How can I navigate in the fear and anger of this political moment? | Mental health

How can I navigate in the fear, anger and uncertainty of this political moment?
Eleanor says: A long and distinct tradition in philosophical thought on emotions and politics, from Aristotle TO Henry David Thoreau and up to Amia Srinivasan AND Myisha CherryHe asks exactly this question. Anger and fear are really unnerving. How can we ensure that we are not completely flattened and exhausted by these feelings when we also know that they are totally reasonable?
I have never known the answer. I don’t know how to say the difference between comfort as balm and comfort as anesthetic.
When I was in kindness, I had to be dragged away by a memory thing at school in Flood of Lacurine, hicupup and unable to develop the number of deaths in war. Well as a child – Death is frightening. But see something similar even in adulthood: “Turn off the TV, I can’t stand it”. I worry that there is something self -indulgent in this, as if we are not suffering things about the news should still be spared on the pain of listening to them.

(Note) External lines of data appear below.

lemma arc_push_to_end_component:
  fixes D :: "'a::metric_space set"
  assumes D: "connected D" "locally connected D" and g: "arc g" "path_image g \<subseteq> D"
    and f: "continuous_on D f" "f ` D \<subseteq> D"
    and t1: "t1 \<in> {0<..<1}" "f (g t1) \<noteq> g t1" "f (g t1) \<notin> connected_component_set (D - {g t1}) (g 0)"
  obtains \<epsilon> where "0 < \<epsilon>"
    "\<And>t. \<lbrakk>t1 - \<epsilon> < t; t < t1\<rbrakk> \<Longrightarrow> f (g t) \<in> connected_component_set (D - {g t}) (g 1)"
proof -
  have rt1: "1 - t1 \<in> {0<..<1}" "f (reversepath g (1 - t1)) \<noteq> reversepath g (1 - t1)"
    "f (reversepath g (1 - t1)) \<notin> connected_component_set (D - {reversepath g (1 - t1)}) (reversepath g 1)"
    using t1 by (simp_all add: reversepath_def)
  have "path_image (reversepath g) \<subseteq> D" using g(2) by simp
  show ?thesis
  proof (rule arc_push_to_start_component[OF D arc_reversepath[OF g(1)] \<open>path_image (reversepath g) \<subseteq> D\<close> f rt1])
    fix \<epsilon> :: real assume "0 < \<epsilon>" and \<epsilon>: "\<And>t. \<lbrakk>1 - t1 < t; t < 1 - t1 + \<epsilon>\<rbrakk> \<Longrightarrow>
      f (reversepath g t) \<in> connected_component_set (D - {reversepath g t}) (reversepath g 0)"
    show thesis
    proof (rule that[OF \<open>0 < \<epsilon>\<close>])
      fix t assume "t1 - \<epsilon> < t" "t < t1"
      then show "f (g t) \<in> connected_component_set (D - {g t}) (g 1)"
        using \<epsilon>[of "1 - t"] by (simp add: reversepath_def)
    qed
  qed
qed

definition moves_toward_start :: "'a::metric_space set \<Rightarrow> ('a \<Rightarrow> 'a) \<Rightarrow> (real \<Rightarrow> 'a) \<Rightarrow> bool" where
  "moves_toward_start D f g \<longleftrightarrow>
     (\<exists>d>0. \<forall>t\<in>{0<..<d}. f (g t) \<noteq> g t \<longrightarrow> f (g t) \<in> connected_component_set (D - {g t}) (g 0))"

lemma not_weakly_repelling_imp_moves_toward_start:
  fixes D :: "'a::metric_space set"
  assumes "\<not> weakly_repelling D f p (D - {p})" "dendrite D" "f ` D \<subseteq> D"
    and g: "arc g" "path_image g \<subseteq> D" "pathstart g = p"
  shows "moves_toward_start D f g"
proof -
  have "\<not> (\<forall>e>0. \<exists>x\<in>D - {p}. dist x p < e \<and> cutpoint D x \<and> separates D x p (f x))"
    using assms(1) unfolding weakly_repelling_def by blast
  then obtain e where "0 < e"
    and e: "\<And>x. \<lbrakk>x \<in> D - {p}; dist x p < e; cutpoint D x\<rbrakk> \<Longrightarrow> \<not> separates D x p (f x)"
    by blast
  have "g 0 = p" using g(3) by (simp add: pathstart_def)
  moreover have "continuous_on {0..1} g" using g(1) by (simp add: arc_def path_def)
  ultimately obtain d where "0 < d" and d: "\<And>t. \<lbrakk>t \<in> {0..1}; dist t 0 < d\<rbrakk> \<Longrightarrow> dist (g t) p < e"
    using \<open>0 < e\<close> unfolding continuous_on_iff by (metis atLeastAtMost_iff order_refl zero_le_one)
  have "f (g t) \<in> connected_component_set (D - {g t}) (g 0)"
    if t: "t \<in> {0<..<min d 1}" and moved: "f (g t) \<noteq> g t" for t
  proof -
    have "g t \<in> D" "g 0 \<in> D" using g(2) t by (auto simp: path_image_def)
    have "g t \<noteq> g 0"
    proof
      assume "g t = g 0"
      then have "t = 0" using g(1) t by (auto simp: arc_def dest: inj_onD)
      then show False using t by simp
    qed
    have "dist (g t) p < e" using d[of t] t by (simp add: dist_real_def)
    moreover have "cutpoint D (g t)" using dendrite_arc_interior_cutpoint[OF assms(2) g(1,2)] t by simp
    ultimately have "\<not> separates D (g t) (g 0) (f (g t))"
      using e \<open>g t \<in> D\<close> \<open>g t \<noteq> g 0\<close> \<open>g 0 = p\<close> by blast
    moreover have "f (g t) \<in> D - {g t}" using assms(3) \<open>g t \<in> D\<close> moved by blast
    ultimately have "connected_component_set (D - {g t}) (f (g t)) = connected_component_set (D - {g t}) (g 0)"
      using \<open>g 0 \<in> D\<close> \<open>g t \<noteq> g 0\<close> by (auto simp: separates_def)
    then show ?thesis using \<open>f (g t) \<in> D - {g t}\<close> by (metis connected_component_refl mem_Collect_eq)
  qed
  then show ?thesis unfolding moves_toward_start_def using \<open>0 < d\<close> by (intro exI[of _ "min d 1"]) auto
qed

But I also know, so well, that an orange and burning “pad witness” can burn your mental health and exhaust your ability to help. It can transform you nihilistic, suspicion, pessimistic and you are not help to anyone.

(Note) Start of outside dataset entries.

text \<open>The real sum defining \<open>pn\<close> is \<open>0\<close> unless summable; the bound \<open>0 \<le> pn \<le> 1\<close> at the previous step
  provides summability, so the recursion is transferred to \<open>ennreal\<close> inside an induction.\<close>

lemma P_Suc_if_bounded:
  assumes "\<And>z. 0 \<le> pn E mu n z y \<and> pn E mu n z y \<le> 1"
  shows "P (Suc n) x y = (\<Sum>\<^sub>\<infinity>z. p x z * P n z y)" and "(\<Sum>\<^sub>\<infinity>z. p x z * P n z y) \<le> 1"
proof -
  have "(\<Sum>\<^sub>\<infinity>z. p x z * P n z y) \<le> (\<Sum>\<^sub>\<infinity>z. p x z)"
    by (rule infsum_mono_ennreal) (use assms in \<open>auto intro: mult_left_le\<close>)
  also have "\<dots> \<le> 1"
    by (rule ptrans_row_le_1)
  finally show le: "(\<Sum>\<^sub>\<infinity>z. p x z * P n z y) \<le> 1" .
  have eq: "(\<Sum>\<^sub>\<infinity>z. p x z * P n z y) = (\<Sum>\<^sub>\<infinity>z. ennreal (ptrans E mu x z * pn E mu n z y))"
    using assms ptrans_nonneg by (simp add: ennreal_mult')
  have "(\<Sum>\<^sub>\<infinity>z. ennreal (ptrans E mu x z * pn E mu n z y)) < top"
    using le eq order.strict_trans1[OF _ ennreal_one_less_top] by metis
  then have "P (Suc n) x y = (\<Sum>\<^sub>\<infinity>z. ennreal (ptrans E mu x z * pn E mu n z y))"
    unfolding pn.simps(2) by (rule ennreal_infsum_if_finite[rotated]) (use assms ptrans_nonneg in auto)
  with eq show "P (Suc n) x y = (\<Sum>\<^sub>\<infinity>z. p x z * P n z y)"
    by simp
qed

lemma pn_bounds: "0 \<le> pn E mu n x y \<and> pn E mu n x y \<le> 1"
proof (induction n arbitrary: x y)
  case 0
  then show ?case by simp
next
  case (Suc n)
  have "P (Suc n) x y \<le> 1"
    using P_Suc_if_bounded[OF Suc] by simp
  moreover have "pn E mu (Suc n) x y \<ge> 0"
    unfolding pn.simps(2) by (rule infsum_nonneg) (use Suc ptrans_nonneg in auto)
  ultimately show ?case
    by (simp add: ennreal_le_1)
qed

lemma P_Suc: "P (Suc n) x y = (\<Sum>\<^sub>\<infinity>z. p x z * P n z y)"
  using P_Suc_if_bounded(1)[OF pn_bounds] .

lemma P_le_1: "P n x y \<le> 1"
  using pn_bounds by (simp add: ennreal_le_1)

lemma P_add: "P (n + m) x y = (\<Sum>\<^sub>\<infinity>z. P n x z * P m z y)"
proof (induction n arbitrary: x)
  case 0
  have "(\<Sum>\<^sub>\<infinity>z. P 0 x z * P m z y) = (\<Sum>\<^sub>\<infinity>z. if z = x then P m z y else 0)"
    by (rule infsum_cong) auto
  then show ?case
    by (simp add: infsum_if_eq_ennreal)
next
  case (Suc n)
  have "P (Suc n + m) x y = (\<Sum>\<^sub>\<infinity>w. \<Sum>\<^sub>\<infinity>z. p x w * (P n w z * P m z y))"
    by (simp add: P_Suc Suc infsum_cmult_left_ennreal)
  also have "\<dots> = (\<Sum>\<^sub>\<infinity>z. \<Sum>\<^sub>\<infinity>w. p x w * (P n w z * P m z y))"
    by (rule infsum_swap_ennreal)
  also have "\<dots> = (\<Sum>\<^sub>\<infinity>z. P (Suc n) x z * P m z y)"
    by (simp only: P_Suc infsum_cmult_right_ennreal[symmetric] mult.assoc)
  finally show ?case .
qed

lemma P_Suc_right: "P (Suc n) x y = (\<Sum>\<^sub>\<infinity>z. P n x z * p z y)"
proof -
  have "P 1 z y = p z y" for z
  proof -
    have "P 1 z y = (\<Sum>\<^sub>\<infinity>w. if w = y then p z w else 0)"
      by (simp only: One_nat_def P_Suc) (rule infsum_cong, auto)
    then show ?thesis
      by (simp add: infsum_if_eq_ennreal)
  qed
  then show ?thesis
    using P_add[of n 1 x y] by simp
qed

lemma P_row_le_1: "(\<Sum>\<^sub>\<infinity>y. P n x y) \<le> 1"
proof (induction n arbitrary: x)
  case 0
  have "(\<Sum>\<^sub>\<infinity>y. P 0 x y) = (\<Sum>\<^sub>\<infinity>y. if y = x then 1 else 0)"
    by (rule infsum_cong) auto
  then show ?case
    by (simp add: infsum_if_eq_ennreal)
next
  case (Suc n)
  have "(\<Sum>\<^sub>\<infinity>y. P (Suc n) x y) = (\<Sum>\<^sub>\<infinity>y. \<Sum>\<^sub>\<infinity>z. p x z * P n z y)"
    by (simp only: P_Suc)
  also have "\<dots> = (\<Sum>\<^sub>\<infinity>z. \<Sum>\<^sub>\<infinity>y. p x z * P n z y)"
    by (rule infsum_swap_ennreal)
  also have "\<dots> = (\<Sum>\<^sub>\<infinity>z. p x z * (\<Sum>\<^sub>\<infinity>y. P n z y))"
    by (simp add: infsum_cmult_left_ennreal)
  also have "\<dots> \<le> (\<Sum>\<^sub>\<infinity>z. p x z)"
    by (rule infsum_mono_ennreal) (use Suc in \<open>auto intro: mult_left_le\<close>)
  also have "\<dots> \<le> 1"
    by (rule ptrans_row_le_1)
  finally show ?case .
qed

lemma P_reversible: "W x * P n x y = W y * P n y x"
proof (induction n arbitrary: x y)
  case 0
  then show ?case by simp
next
  case (Suc n)
  have "W x * P (Suc n) x y = (\<Sum>\<^sub>\<infinity>z. ennreal (mu x z) * P n z y)"
    by (simp add: P_Suc infsum_cmult_left_ennreal[symmetric] mult.assoc[symmetric] vweight_mult_ptrans)
  also have "\<dots> = (\<Sum>\<^sub>\<infinity>z. (W z * P n z y) * p z x)"
    by (rule infsum_cong) (metis vweight_mult_ptrans mu_sym mult.commute mult.left_commute)
  also have "\<dots> = (\<Sum>\<^sub>\<infinity>z. W y * P n y z * p z x)"
    by (intro infsum_cong) (subst Suc, rule refl)
  also have "\<dots> = W y * P (Suc n) y x"
    by (simp add: P_Suc_right infsum_cmult_left_ennreal mult.assoc)
  finally show ?case .
qed

lemma pn_reversible: "vweight E mu x * pn E mu n x y = vweight E mu y * pn E mu n y x"
  using P_reversible[of x n y] vweight_nonneg pn_bounds
  by (simp add: ennreal_mult'[symmetric])

end


section \<open>The walk killed on leaving a set\<close>

context walk
begin

abbreviation Q where "Q B n x y \<equiv> ennreal (qk E mu B n x y)"

declare qk.simps(2) [simp del]

lemma Q_Suc_if_bounded:
  assumes "\<And>z. 0 \<le> qk E mu B n x z \<and> qk E mu B n x z \<le> pn E mu n x z"
  shows "Q B (Suc n) x y = (if y \<in> B then (\<Sum>\<^sub>\<infinity>z. Q B n x z * p z y) else 0)"
    and "(\<Sum>\<^sub>\<infinity>z. Q B n x z * p z y) \<le> P (Suc n) x y"
proof -
  have "(\<Sum>\<^sub>\<infinity>z. Q B n x z * p z y) \<le> (\<Sum>\<^sub>\<infinity>z. P n x z * p z y)"
    using assms by (intro infsum_mono_ennreal mult_right_mono ennreal_leI) auto
  also have "\<dots> = P (Suc n) x y"
    by (simp add: P_Suc_right)
  finally show le: "(\<Sum>\<^sub>\<infinity>z. Q B n x z * p z y) \<le> P (Suc n) x y" .
  have eq: "(\<Sum>\<^sub>\<infinity>z. Q B n x z * p z y) = (\<Sum>\<^sub>\<infinity>z. ennreal (qk E mu B n x z * ptrans E mu z y))"
    using assms ptrans_nonneg by (simp add: ennreal_mult')
  have finite: "(\<Sum>\<^sub>\<infinity>z. ennreal (qk E mu B n x z * ptrans E mu z y)) < top"
    using le eq P_le_1[of "Suc n" x y] ennreal_one_less_top by (metis order.trans order.strict_trans1)
  have nonneg: "0 \<le> qk E mu B n x z * ptrans E mu z y" for z
    using assms ptrans_nonneg by simp
  have "y \<in> B \<Longrightarrow> Q B (Suc n) x y = (\<Sum>\<^sub>\<infinity>z. ennreal (qk E mu B n x z * ptrans E mu z y))"
    unfolding qk.simps(2) using ennreal_infsum_if_finite[OF nonneg finite] by simp
  with eq show "Q B (Suc n) x y = (if y \<in> B then (\<Sum>\<^sub>\<infinity>z. Q B n x z * p z y) else 0)"
    by (simp add: qk.simps(2))
qed

lemma qk_bounds: "0 \<le> qk E mu B n x y \<and> qk E mu B n x y \<le> pn E mu n x y"
proof (induction n arbitrary: y)
  case 0
  then show ?case by simp
next
  case (Suc n)
  have "Q B (Suc n) x y \<le> P (Suc n) x y"
    using Q_Suc_if_bounded[of B n x y, OF Suc] by simp
  moreover have "qk E mu B (Suc n) x y \<ge> 0"
    unfolding qk.simps(2) by (auto intro!: infsum_nonneg mult_nonneg_nonneg ptrans_nonneg simp: Suc)
  ultimately show ?case
    using pn_bounds[of "Suc n" x y] by simp
qed

lemma Q_Suc: "Q B (Suc n) x y = (if y \<in> B then (\<Sum>\<^sub>\<infinity>z. Q B n x z * p z y) else 0)"
  using Q_Suc_if_bounded(1)[OF qk_bounds] .

lemma Q_le_P: "Q B n x y \<le> P n x y"
  using qk_bounds by (auto intro: ennreal_leI)

lemma Q_outside: "y \<notin> B \<Longrightarrow> Q B n x y = 0"
  by (cases n) (auto simp: Q_Suc)

lemma Q_mono: "B \<subseteq> B' \<Longrightarrow> Q B n x y \<le> Q B' n x y"
proof (induction n arbitrary: y)
  case 0
  then show ?case by auto
next
  case (Suc n)
  have "(\<Sum>\<^sub>\<infinity>z. Q B n x z * p z y) \<le> (\<Sum>\<^sub>\<infinity>z. Q B' n x z * p z y)"
    using Suc by (intro infsum_mono_ennreal mult_right_mono) auto
  then show ?case
    using Suc.prems by (auto simp: Q_Suc)
qed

The problem is that we risk you between these two points: either hear it so much is unbearable or, as a self -otement, not feeling enough.

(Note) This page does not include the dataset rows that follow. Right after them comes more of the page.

(* Let $X$ be a regular Hausdorff locally countably compact topological space. (1) If $X$ is symmetrizable, then $X\times Y$ is symmetrizable for every symmetrizable topological space $Y$. (2) If $X$ has a weak base $(\mathcal{B}_x)_{x\in X}$ with every $\mathcal{B}_x$ countable (countable $\mathrm{S}_0$-character), then $X\times Y$ has countable $\mathrm{S}_0$-character for every topological space $Y$ of countable $\mathrm{S}_0$-character.
   Context: Products are with the product topology. Locally countably compact: every point has a neighborhood $K$ that is countably compact (every countably based filter whose members all meet $K$ has a refining ultrafilter converging to a point of $K$). A semi-metric on a set $Z$ is $d:Z\times Z\to[0,\infty)$ symmetric with $d(x,y)=0\iff x=y$, with balls $B(x,\epsilon)=\{y:d(x,y)<\epsilon\}$; a topological space $Z$ is symmetrizable if for some semi-metric $d$, $O\subset Z$ is open iff for every $x\in O$ there is $\epsilon>0$ with $B(x,\epsilon)\subset O$. A weak base of a topological space $Z$ is a family $(\mathcal{B}_x)_{x\in Z}$ where each $\mathcal{B}_x$ is a filter-base with $x\in\bigcap\mathcal{B}_x$ such that $U$ is open iff for every $x\in U$ there is $V\in\mathcal{B}_x$ with $V\subset U$; $Z$ has countable $\mathrm{S}_0$-character (weakly first-countable) if it has a weak base with each $\mathcal{B}_x$ countable. *)

theory Defs
  imports "HOL-Analysis.Analysis"
begin

definition is_ultrafilter :: "'a filter \<Rightarrow> bool" where
  "is_ultrafilter U \<longleftrightarrow> U \<noteq> bot \<and> (\<forall>G. G \<noteq> bot \<and> G \<le> U \<longrightarrow> G = U)"

definition countably_based_filter :: "'a filter \<Rightarrow> bool" where
  "countably_based_filter F \<longleftrightarrow> (\<exists>B :: nat \<Rightarrow> 'a set. F = (INF n. principal (B n)))"

text \<open>Countable compactness of a subset K of a topological space, in the filter form of the paper.
  Note: in Isabelle's order, U \<le> F means U is finer than (refines) F.\<close>
definition countably_compact_in :: "'a topology \<Rightarrow> 'a set \<Rightarrow> bool" where
  "countably_compact_in X K \<longleftrightarrow> K \<subseteq> topspace X \<and>
     (\<forall>F. countably_based_filter F \<and> (\<forall>P. eventually P F \<longrightarrow> (\<exists>x\<in>K. P x)) \<longrightarrow>
        (\<exists>U x. is_ultrafilter U \<and> U \<le> F \<and> x \<in> K \<and> limitin X id x U))"

definition locally_countably_compact :: "'a topology \<Rightarrow> bool" where
  "locally_countably_compact X \<longleftrightarrow>
     (\<forall>x\<in>topspace X. \<exists>K. countably_compact_in X K \<and>
        (\<exists>V. openin X V \<and> x \<in> V \<and> V \<subseteq> K))"

definition semimetric_on :: "'a set \<Rightarrow> ('a \<Rightarrow> 'a \<Rightarrow> real) \<Rightarrow> bool" where
  "semimetric_on Z d \<longleftrightarrow> (\<forall>x\<in>Z. \<forall>y\<in>Z. d x y \<ge> 0 \<and> d x y = d y x \<and> (d x y = 0 \<longleftrightarrow> x = y))"

definition symmetrizable :: "'a topology \<Rightarrow> bool" where
  "symmetrizable X \<longleftrightarrow> (\<exists>d. semimetric_on (topspace X) d \<and>
     (\<forall>W. W \<subseteq> topspace X \<longrightarrow>
        (openin X W \<longleftrightarrow> (\<forall>x\<in>W. \<exists>e>0. {y \<in> topspace X. d x y < e} \<subseteq> W))))"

I don’t know exactly how to find the stable meaning. But maybe I can tell you what I’m trying.
First of all, I think it is worth distinguishing “I want to manage my feelings so that I can help and live well” and “I want to stop feeling like this because you feel bad”.
Political moments are not ultimately aggregations of feelings. The most urgent question we face together is not like managing how we feel. This is a means for an end. The question is how we can manage our feelings so that we can introduce ourselves in the ways we think we should, For other people, for the world we want. The reason to present yourself is not to make you feel better. You may very well feel worse. The greater your daily knowledge of various forms of encouraging power, the greater the personal risk for exposure, the worst you may feel. But if we are not doing things now, we are required to remain blocked between “overwhelming” and “head in the sand”.
I think it is worth investing in hope. Hope is compatible with a rather gloomy vision of how things really are. You can think that things are going very badly, and also that they will probably continue to go wrong, but still have the fire of hope.
Finally, I think it is worth trying to learn from the many intelligent and sensitive people who have lived dark things. Internet and social media are generally not good places for insights, but there is no shortage of books This can take their place. You can be selective with your time and attention: when you commit yourself to the material that induces despair, you can insist on the fact that it gives you an idea in return, not only bad feelings and quick content.
The point is not only to feel better necessarily, but to feel in ways that allow us to present ourselves in moments that count more.